Jean-Régis Graziano, enseignant au programme, est l’instigateur du projet. Institué depuis septembre dernier, cet ajout au programme fait du Cégep de Saint-Jérôme un précurseur en la matière. «J’ai toujours été attiré par la cuisine patrimoniale,» dit Jean-Régis Graziano, natif de France et d’abord chef dans plusieurs restaurants mettant en vedette les produits du terroir. «En devenant enseignant au programme de Gestion d’un établissement de restauration, j’ai pensé qu’il serait bien d’apprendre aux jeunes les fondements de la cuisine traditionnelle d’ici.» Une idée qui lui est venue suite à une rencontre avec Michel Lambert, auteur de la série de livres Histoire de la cuisine familiale du Québec. «C’est principalement dans ses livres que je fais mes recherches pour sélectionner des produits et des recettes,» dit monsieur Graziano, «et aussi dans l’armoire de ma belle-mère!»

C’est aussi Michel Lambert qui a fondé Cuisine patrimoniale du Québec en 2012. L’OBNL délivre une attestation de conformité aux plats que lui proposent des chefs cuisiniers membres. Jean-Régis Graziano fait comme eux, et invite ensuite les étudiants à réaliser ces plats dans le cadre de leurs cours. «J’intègre aussi ces plats au menu du restaurant de l’école, Neurones et Papilles, ce qui permet au grand public d’en apprendre un peu sur l’histoire de la cuisine au Québec!»
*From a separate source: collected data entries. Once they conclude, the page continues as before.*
(* Let $(X,d)$ be a complete Alexandrov space, $G\subset X$ a closed, geodesically convex set with $(G,d)$ separable, $K>0$, and $\mu\in\mathfrak P(F_K(G))$. Let $g(x):=\int_{F_K(G)}f(x)\,d\mu(f)$ and let $\mathbb E\mu\in G$ denote the unique minimizer of $g$ over $G$. Then for all $x\in G$, \[ d(x,\mathbb E\mu)^2\le\frac2K\int_{F_K(G)}\big[f(x)-f(\mathbb E\mu)\big]\,d\mu(f).\]
   Context: Minimal geodesics $x\#_ty$ satisfy $d(x\#_sy,x\#_ty)=|s-t|d(x,y)$. A function $h$ is $K$-convex if $h(x\#_ty)\le(1-t)h(x)+th(y)-\frac K2t(1-t)d(x,y)^2$ along all minimal geodesics. $F_K(G)$ is the set of lower semi-continuous $K$-convex functions $G\to(-\infty,\infty]$ not identically $+\infty$, equipped with the $\sigma$-field $\mathcal E$ generated by the sets $\{h:\inf_Oh<\alpha\}$ for $O\subseteq G$ open and $\alpha\in\mathbb R$ (equivalently, the Effros $\sigma$-field on epigraphs). $\mathfrak P(F_K(G))$ is the set of complete probability measures $\mu$ on $(F_K(G),\mathcal E)$ such that $g(x)=\int f(x)\,d\mu(f)$ is a lower semi-continuous, $(-\infty,+\infty]$-valued, $K$-convex function on $G$ that is finite at some point of $G$. *)

theory Defs
  imports "HOL-Probability.Probability"
begin

definition min_geodesic :: "(real \<Rightarrow> 'a::metric_space) \<Rightarrow> 'a \<Rightarrow> 'a \<Rightarrow> bool" where
  "min_geodesic \<gamma> x y \<longleftrightarrow> \<gamma> 0 = x \<and> \<gamma> 1 = y \<and>
     (\<forall>s\<in>{0..1}. \<forall>t\<in>{0..1}. dist (\<gamma> s) (\<gamma> t) = \<bar>s - t\<bar> * dist x y)"

text \<open>Alexandrov space of nonpositive curvature (global NPC / CAT(0)):
  geodesic space satisfying the NPC comparison inequality along all minimal geodesics.\<close>
definition alexandrov_space :: "'a::metric_space itself \<Rightarrow> bool" where
  "alexandrov_space _ \<longleftrightarrow>
     (\<forall>x y::'a. \<exists>\<gamma>. min_geodesic \<gamma> x y) \<and>
     (\<forall>x y z::'a. \<forall>\<gamma>. min_geodesic \<gamma> x y \<longrightarrow> (\<forall>t\<in>{0..1}.
        (dist z (\<gamma> t))\<^sup>2 \<le> (1 - t) * (dist z x)\<^sup>2 + t * (dist z y)\<^sup>2 - t * (1 - t) * (dist x y)\<^sup>2))"

definition geodesically_convex :: "'a::metric_space set \<Rightarrow> bool" where
  "geodesically_convex G \<longleftrightarrow>
     (\<forall>x\<in>G. \<forall>y\<in>G. \<forall>\<gamma>. min_geodesic \<gamma> x y \<longrightarrow> \<gamma> ` {0..1} \<subseteq> G)"

definition separable_set :: "'a::metric_space set \<Rightarrow> bool" where
  "separable_set G \<longleftrightarrow> (\<exists>D. countable D \<and> D \<subseteq> G \<and> G \<subseteq> closure D)"

definition K_convex_on :: "real \<Rightarrow> 'a::metric_space set \<Rightarrow> ('a \<Rightarrow> ereal) \<Rightarrow> bool" where
  "K_convex_on K G h \<longleftrightarrow>
     (\<forall>x\<in>G. \<forall>y\<in>G. \<forall>\<gamma>. min_geodesic \<gamma> x y \<longrightarrow> (\<forall>t\<in>{0..1}.
        h (\<gamma> t) \<le> ereal (1 - t) * h x + ereal t * h y - ereal (K / 2 * t * (1 - t) * (dist x y)\<^sup>2)))"

text \<open>Lower semicontinuity on G (w.r.t. the subspace topology; sequential, as G is metric).\<close>
definition lsc_on :: "'a::metric_space set \<Rightarrow> ('a \<Rightarrow> ereal) \<Rightarrow> bool" where
  "lsc_on G h \<longleftrightarrow>
     (\<forall>x\<in>G. \<forall>xs. (\<forall>n. xs n \<in> G) \<longrightarrow> xs \<longlonglongrightarrow> x \<longrightarrow> h x \<le> liminf (\<lambda>n. h (xs n)))"

text \<open>F_K(G): lsc K-convex functions G \<rightarrow> (-\<infinity>,\<infinity>], not identically \<infinity>.
  Functions are represented on the whole space with the convention value \<infinity> outside G.\<close>
definition FK :: "real \<Rightarrow> 'a::metric_space set \<Rightarrow> ('a \<Rightarrow> ereal) set" where
  "FK K G = {h. (\<forall>x\<in>G. h x \<noteq> -\<infinity>) \<and> (\<forall>x. x \<notin> G \<longrightarrow> h x = \<infinity>) \<and>
               lsc_on G h \<and> K_convex_on K G h \<and> (\<exists>x\<in>G. h x \<noteq> \<infinity>)}"

definition FK_sets :: "real \<Rightarrow> 'a::metric_space set \<Rightarrow> ('a \<Rightarrow> ereal) set set" where
  "FK_sets K G = sigma_sets (FK K G)
     {{h \<in> FK K G. (INF x\<in>U. h x) < ereal \<alpha>} | U \<alpha>. openin (top_of_set G) U}"

definition eint :: "'b measure \<Rightarrow> ('b \<Rightarrow> ereal) \<Rightarrow> ereal" where
  "eint M h = enn2ereal (\<integral>\<^sup>+ w. e2ennreal (h w) \<partial>M) - enn2ereal (\<integral>\<^sup>+ w. e2ennreal (- h w) \<partial>M)"

definition mean_fun :: "('a \<Rightarrow> ereal) measure \<Rightarrow> 'a \<Rightarrow> ereal" where
  "mean_fun \<mu> x = eint \<mu> (\<lambda>f. f x)"

definition PFK :: "real \<Rightarrow> 'a::metric_space set \<Rightarrow> ('a \<Rightarrow> ereal) measure set" where
  "PFK K G = {\<mu>. (\<exists>\<nu>. space \<nu> = FK K G \<and> sets \<nu> = FK_sets K G \<and> \<mu> = completion \<nu>) \<and>
       prob_space \<mu> \<and>
       (\<forall>x\<in>G. (\<integral>\<^sup>+ f. e2ennreal (- f x) \<partial>\<mu>) < \<infinity>) \<and>
       lsc_on G (mean_fun \<mu>) \<and> K_convex_on K G (mean_fun \<mu>) \<and>
       (\<exists>x\<in>G. mean_fun \<mu> x \<noteq> \<infinity>)}"

end

theory Submission
  imports Defs
begin

text \<open>Let \<open>g\<close> be the mean function and \<open>\<gamma>\<close> the geodesic from the minimizer \<open>m\<close> to \<open>x\<close>.
  By \<open>K\<close>-convexity and minimality,
  \<open>g m \<le> g (\<gamma> t) \<le> (1 - t) g m + t g x - K/2 t (1 - t) d(x,m)\<^sup>2\<close>, so
  \<open>K/2 (1 - t) d(x,m)\<^sup>2 \<le> g x - g m\<close> for \<open>0 < t \<le> 1\<close>; letting \<open>t \<rightarrow> 0\<close> gives the bound.
  It remains to see that \<open>\<integral>(f x - f m) d\<mu> = g x - g m\<close>, which holds because \<open>f m\<close> is
  \<open>\<mu>\<close>-integrable and the negative part of \<open>f x\<close> has finite integral.\<close>

lemma lsc_on_le_if_INF_balls_less:
  fixes f :: "'a::metric_space \<Rightarrow> ereal"
  assumes lsc: "lsc_on G f" and "x \<in> G"
    and less: "\<And>n. (INF z\<in>ball x (inverse (real (Suc n))) \<inter> G. f z) < ereal (\<beta> + inverse (real (Suc n)))"
  shows "f x \<le> ereal \<beta>"
proof -
  have "\<forall>n. \<exists>z. z \<in> ball x (inverse (real (Suc n))) \<inter> G \<and>
      f z < ereal (\<beta> + inverse (real (Suc n)))"
    using less by (simp only: INF_less_iff Bex_def) blast
  from choice[OF this] obtain xs where "\<forall>n. xs n \<in> ball x (inverse (real (Suc n))) \<inter> G \<and>
      f (xs n) < ereal (\<beta> + inverse (real (Suc n)))"
    by blast
  then have xs: "\<And>n. xs n \<in> ball x (inverse (real (Suc n))) \<inter> G"
    and f_xs: "\<And>n. f (xs n) < ereal (\<beta> + inverse (real (Suc n)))"
    by auto
  have "(\<lambda>n. dist (xs n) x) \<longlonglongrightarrow> 0"
  proof (rule tendsto_sandwich[of "\<lambda>_. 0" _ _ "\<lambda>n. inverse (real (Suc n))"])
    have "dist (xs n) x \<le> inverse (real (Suc n))" for n
      using xs[of n] by (simp add: dist_commute)
    then show "\<forall>\<^sub>F n in sequentially. dist (xs n) x \<le> inverse (real (Suc n))"
      by (simp add: always_eventually)
  qed (simp, simp, rule LIMSEQ_inverse_real_of_nat)
  then have "xs \<longlonglongrightarrow> x" by (rule tendsto_dist_iff[THEN iffD2])
  moreover have "\<forall>n. xs n \<in> G" using xs by blast
  ultimately have "f x \<le> liminf (\<lambda>n. f (xs n))"
    using lsc \<open>x \<in> G\<close> unfolding lsc_on_def by blast
  also have "\<dots> \<le> liminf (\<lambda>n. ereal (\<beta> + inverse (real (Suc n))))"
    using f_xs by (intro Liminf_mono always_eventually allI less_imp_le)
  also have "\<dots> = ereal \<beta>"
  proof (intro lim_imp_Liminf)
    have "(\<lambda>n. \<beta> + inverse (real (Suc n))) \<longlonglongrightarrow> \<beta> + 0"
      by (intro tendsto_add tendsto_const LIMSEQ_inverse_real_of_nat)
    then show "(\<lambda>n. ereal (\<beta> + inverse (real (Suc n)))) \<longlonglongrightarrow> ereal \<beta>"
      by (simp add: tendsto_ereal)
  qed simp
  finally show ?thesis .
qed

lemma measurable_eval_FK:
  fixes G :: "'a::metric_space set"
  assumes x: "x \<in> G" and space: "space \<nu> = FK K G" and sets: "sets \<nu> = FK_sets K G"
  shows "(\<lambda>f. f x) \<in> borel_measurable \<nu>"
proof (rule borel_measurableI_le)
  fix y :: ereal
  show "{f \<in> space \<nu>. f x \<le> y} \<in> sets \<nu>"
  proof (cases y)
    case PInf
    then have "{f \<in> space \<nu>. f x \<le> y} = space \<nu>" by simp
    then show ?thesis by simp
  next
    case MInf
    then have "{f \<in> space \<nu>. f x \<le> y} = {}" using x space by (auto simp: FK_def)
    then show ?thesis by (metis sets.empty_sets)
  next
    case (real \<beta>)
    txt \<open>By lower semicontinuity, \<open>f x \<le> \<beta>\<close> iff \<open>f\<close> dips below \<open>\<beta> + 1/(n+1)\<close> on every
      ball of radius \<open>1/(n+1)\<close> around \<open>x\<close>; these are generating sets of \<open>FK_sets\<close>.\<close>
    define U where "U n = ball x (inverse (real (Suc n))) \<inter> G" for n
    define S where "S n = {h \<in> FK K G. (INF z\<in>U n. h z) < ereal (\<beta> + inverse (real (Suc n)))}" for n
    have "f \<in> S n" if "f \<in> FK K G" "f x \<le> ereal \<beta>" for f n
    proof -
      have "(INF z\<in>U n. f z) \<le> f x" using x by (intro INF_lower) (simp add: U_def)
      also have "\<dots> < ereal (\<beta> + inverse (real (Suc n)))" using that(2) by (simp add: le_less_trans)
      finally show ?thesis using that(1) by (simp add: S_def)
    qed
    moreover have "f x \<le> ereal \<beta>" if "\<And>n. f \<in> S n" for f
      using that lsc_on_le_if_INF_balls_less[of G f x \<beta>] x by (auto simp: S_def U_def FK_def)
    ultimately have "{f \<in> space \<nu>. f x \<le> y} = (\<Inter>n. S n)"
      using space real by (auto simp: S_def)
    moreover have "S n \<in> sets \<nu>" for n
    proof -
      have "openin (top_of_set G) (U n)"
        unfolding U_def by (metis Int_commute open_ball openin_open_Int)
      then show ?thesis unfolding sets FK_sets_def S_def by (intro sigma_sets.Basic) blast
    qed
    ultimately show ?thesis by auto
  qed
qed

lemma e2ennreal_parts_of_diff_eq:
  fixes a b :: ereal
  assumes "a \<noteq> -\<infinity>" "\<bar>b\<bar> \<noteq> \<infinity>"
  shows "e2ennreal (a - b) + e2ennreal (- a) + e2ennreal b =
         e2ennreal (- (a - b)) + e2ennreal a + e2ennreal (- b)"
  using assms by (cases a; cases b) (auto simp: ennreal_plus_if)

lemma e2ennreal_neg_diff_le:
  fixes a b :: ereal
  assumes "a \<noteq> -\<infinity>" "\<bar>b\<bar> \<noteq> \<infinity>"
  shows "e2ennreal (- (a - b)) \<le> e2ennreal b + e2ennreal (- a)"
  using assms by (cases a; cases b) (auto simp: ennreal_plus_if ennreal_le_iff2)

lemma eint_neq_MInf:
  assumes "(\<integral>\<^sup>+ w. e2ennreal (- h w) \<partial>M) < \<infinity>"
  shows "eint M h \<noteq> -\<infinity>"
  using assms by (cases "\<integral>\<^sup>+ w. e2ennreal (h w) \<partial>M"; cases "\<integral>\<^sup>+ w. e2ennreal (- h w) \<partial>M")
    (auto simp: eint_def)

lemma eint_neq_PInf_iff:
  assumes "(\<integral>\<^sup>+ w. e2ennreal (- h w) \<partial>M) < \<infinity>"
  shows "eint M h \<noteq> \<infinity> \<longleftrightarrow> (\<integral>\<^sup>+ w. e2ennreal (h w) \<partial>M) < \<infinity>"
  using assms by (cases "\<integral>\<^sup>+ w. e2ennreal (h w) \<partial>M"; cases "\<integral>\<^sup>+ w. e2ennreal (- h w) \<partial>M")
    (auto simp: eint_def)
«Esturgeon jaune vapeur, coulis d’écrevisses et légumes racines glacés» ou encore «Cuisse de canard confite genièvre et gin, compotée de chou et bleuets et chips au romarin»; bien sûr il faut s’attendre à un menu gastronomique de la part de ces futurs chefs qui étudient les toutes dernières tendances en la matière, entres autres la cuisine moléculaire, la mixologie et la cuisine du marché.

Nommer les produits utilisés traditionnellement à travers les époques, expliquer l’histoire et le contexte des plats, les diverses influences anglaise, française, autochtone et même antillaise de la cuisine québécoise; voilà ce que le professeur inculque à ses étudiants. «Si l’on peut inciter ces futurs cuisiniers à mettre de l’esturgeon à leur menu, un poisson traditionnellement pêché ici, plutôt que n’importe quel poisson facile à trouver en épicerie et qui vient de l’autre bout du monde, on aura gagné un point!»